▶ Data under study:
(* Let $M,N,K$ be symmetric homogeneous bi-variate means having symmetric asymptotic expansions with coefficients $(a^M_n)$, $(a^N_n)$, $(a^K_n)$ respectively. Then the resultant mean-map $R=\mathcal R(K,N,M)$, $R(s,t)=K\big(N(s,M(s,t)),N(M(s,t),t)\big)$, has a symmetric asymptotic expansion $R(x-t,x+t)\sim\sum_{m\ge0}a^R_mt^{2m}x^{-2m+1}$ ($x\to\infty$) with $$a^R_m=\sum_{n=0}^m a^K_n\sum_{k=0}^{m-n}P[k,2n,\mathbf d]\,P[m-n-k,-2n+1,\mathbf s],\qquad m\in\mathbb N_0,$$ where $\mathbf d=(d_m)_{m\ge0}$ and $\mathbf s=(s_m)_{m\ge0}$ are $$d_m=-\frac12\sum_{n=0}^m a^N_n\sum_{k=0}^{2m+1-2n}P[k,2n,\mathbf g^M]\,P[2m+1-2n-k,-2n+1,\mathbf h^M],$$ $$s_m=\frac12\sum_{n=0}^m a^N_n\sum_{k=0}^{2m-2n}P[k,2n,\mathbf g^M]\,P[2m-2n-k,-2n+1,\mathbf h^M].$$
   Context: A bi-variate mean is a function $M:(0,\infty)^2\to(0,\infty)$ with $\min(s,t)\le M(s,t)\le\max(s,t)$; it is symmetric if $M(s,t)=M(t,s)$ and homogeneous if $M(\lambda s,\lambda t)=\lambda M(s,t)$ for $\lambda,s,t>0$. A mean $M$ has a symmetric asymptotic expansion with coefficients $(a^M_n)_{n\ge0}$ if for every fixed real $t$ and every $N\ge0$, $M(x-t,x+t)=\sum_{n=0}^N a^M_nt^{2n}x^{-2n+1}+o(x^{-2N+1})$ as $x\to\infty$. For a sequence $\mathbf b=(b_0,b_1,\ldots)$ with $b_0\ne0$ and $r\in\mathbb R$, $P[0,r,\mathbf b]=b_0^r$ and $P[n,r,\mathbf b]=\frac1{nb_0}\sum_{k=1}^n(k(1+r)-n)b_kP[n-k,r,\mathbf b]$ for $n\ge1$ (the coefficient of $z^n$ in $(\sum_j b_jz^j)^r$). Given coefficients $(a^M_n)$, set $\mathbf g^M=(1,a^M_1,0,a^M_2,0,a^M_3,\ldots)$ (i.e. $g_0=1$, $g_{2k-1}=a^M_k$, $g_{2k}=0$ for $k\ge1$) and $\mathbf h^M=(2,-1,a^M_1,0,a^M_2,0,a^M_3,\ldots)$ (i.e. $h_0=2$, $h_1=-1$, $h_{2k}=a^M_k$, $h_{2k+1}=0$ for $k\ge1$). (One has $d_0=1/2$, $s_0=1$.) *)

theory Defs
  imports "HOL-Analysis.Analysis" "HOL-Library.Landau_Symbols"
begin

definition is_mean :: "(real \<Rightarrow> real \<Rightarrow> real) \<Rightarrow> bool" where
  "is_mean M \<longleftrightarrow> (\<forall>s>0. \<forall>t>0. min s t \<le> M s t \<and> M s t \<le> max s t)"

definition symmetric_mean :: "(real \<Rightarrow> real \<Rightarrow> real) \<Rightarrow> bool" where
  "symmetric_mean M \<longleftrightarrow> (\<forall>s>0. \<forall>t>0. M s t = M t s)"

definition homogeneous_mean :: "(real \<Rightarrow> real \<Rightarrow> real) \<Rightarrow> bool" where
  "homogeneous_mean M \<longleftrightarrow> (\<forall>l>0. \<forall>s>0. \<forall>t>0. M (l * s) (l * t) = l * M s t)"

▶ To do: Search the data above and return each line in which "forall" occurs.

▶ Completed task:
  "is_mean M \<longleftrightarrow> (\<forall>s>0. \<forall>t>0. min s t \<le> M s t \<and> M s t \<le> max s t)"
  "symmetric_mean M \<longleftrightarrow> (\<forall>s>0. \<forall>t>0. M s t = M t s)"
  "homogeneous_mean M \<longleftrightarrow> (\<forall>l>0. \<forall>s>0. \<forall>t>0. M (l * s) (l * t) = l * M s t)"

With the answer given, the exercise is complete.